In the province of Ontario, where I live, hysterectomy is the most commonly performed surgical procedure. More than twenty thousand were performed in 1994-95 alone. The choice of hysterectomy may coincide more with the inclinations and surgical abilities of local gynecologists than with medical imperatives; there seems to be little rhyme or reason in how doctors prescribe and perform this often life-altering operation. According to the Toronto Institute for Clinical Evaluative Sciences (ICES), the rate of hysterectomy per region ranges from 274 to 797 per 100,000 women. Not surprisingly, in early 1998, the Ontario Medical Association published a report (not circulated to the public) stating that too many hysterectomies were being performed in Ontario.
But a report addressing the issue of the overuse of hysterectomy in Canada was made public in June 2002. It confirmed that Canada's situation is similar to that of the United States. Dr. Donna Stewart, professor at the University of Toronto and chair of Women's Health at the University Health Network, led the expert panel on hysterectomy practices in Ontario. A complete copy of the panel's report can be viewed at www.ontariowomenscouncil.on.ca. (See Medical Resources in Part III for more information on the Ontario Women's Council.)
According to Dr. Stewart, there are many factors contributing to the high rate of hysterectomy. For instance, many doctors are unwilling to explore other less invasive treatments with their patients. This is an unfortunate situation in itself, because if a woman is not offered less drastic options, she is not given the opportunity to make an informed choice.
Education and social class are two other important factors, and Dr. Stewart's report shows that the hysterectomy rate is highest in poor, rural regions where the level of education is low. Similarly in the U.S., the hysterectomy rate is highest in the southern states. And surprisingly, some women view hysterectomy as a permanent solution for birth control, while others feel it's the "thing to do" because it's what their mothers and sisters did before them. In any case, none of the above explanations justify a prolongation of the current situation of unnecessary surgeries performed on female patients, but all confirm the need for greater education efforts to help women and their doctors discuss less invasive alternatives to hysterectomy.

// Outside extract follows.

(* Let $\mathcal{N}$ be a Beeping Network with $n$ nodes and maximum degree $\Delta$, where each node has a unique ID from $[1,n^c]$ for a constant $c\ge 1$, and each node $v$ knows $n$, the parameter $c$, the maximum degree $\Delta$, and its neighborhood $N(v)$ (the IDs of its neighbors), and holds a message $m_v$ of length at most $B>0$ bits. Then there is a deterministic distributed algorithm that solves Local Broadcast on $\mathcal{N}$ in $O(B\Delta^2\log n)$ beeping rounds.
   Context: A Beeping Network is a network of $n$ nodes whose topology is an undirected graph $G=(V,E)$; $N(v)$ denotes the set of neighbors of $v$. Time is divided into synchronous rounds and all nodes start simultaneously. In each round every node either beeps or listens; a listening node hears "silence" if no neighbor beeps and "noise" if at least one neighbor beeps, and cannot distinguish one beep from several. A beeping node receives no feedback in that round. Complexity is measured in rounds. Local Broadcast: every node $v$ holds a message $m_v$, and the problem is solved once, for every $v$, every node in $N(v)$ knows $m_v$. *)

theory Defs
  imports Complex_Main
begin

These numbers are all the more disturbing when we consider that the substantial majority of hysterectomies are very likely unnecessary. Along with Dr. West, Sandra Simkin, author of The Case against Hysterectomy, argues that 90 percent of hysterectomies are unwarranted and do not effectively treat the conditions for which they are prescribed. Surgically excising the uterus, Fallopian tubes, cervix, and/or ovaries is necessary only if cancer has been detected in one of these organs. Often, however, women are convinced to surrender their healthy reproductive organs "just in case" they might one day become cancerous. The logic of this approach is fundamentally flawed, and reveals how little the medical profession seems to value women's reproductive organs. Doctors rarely, if ever, urge men to surgically excise healthy testicles "just in case" they might one day become cancerous! As you will read in my personal story, my family physician used this scare tactic, among others, to get me to agree to a hysterectomy. It worked.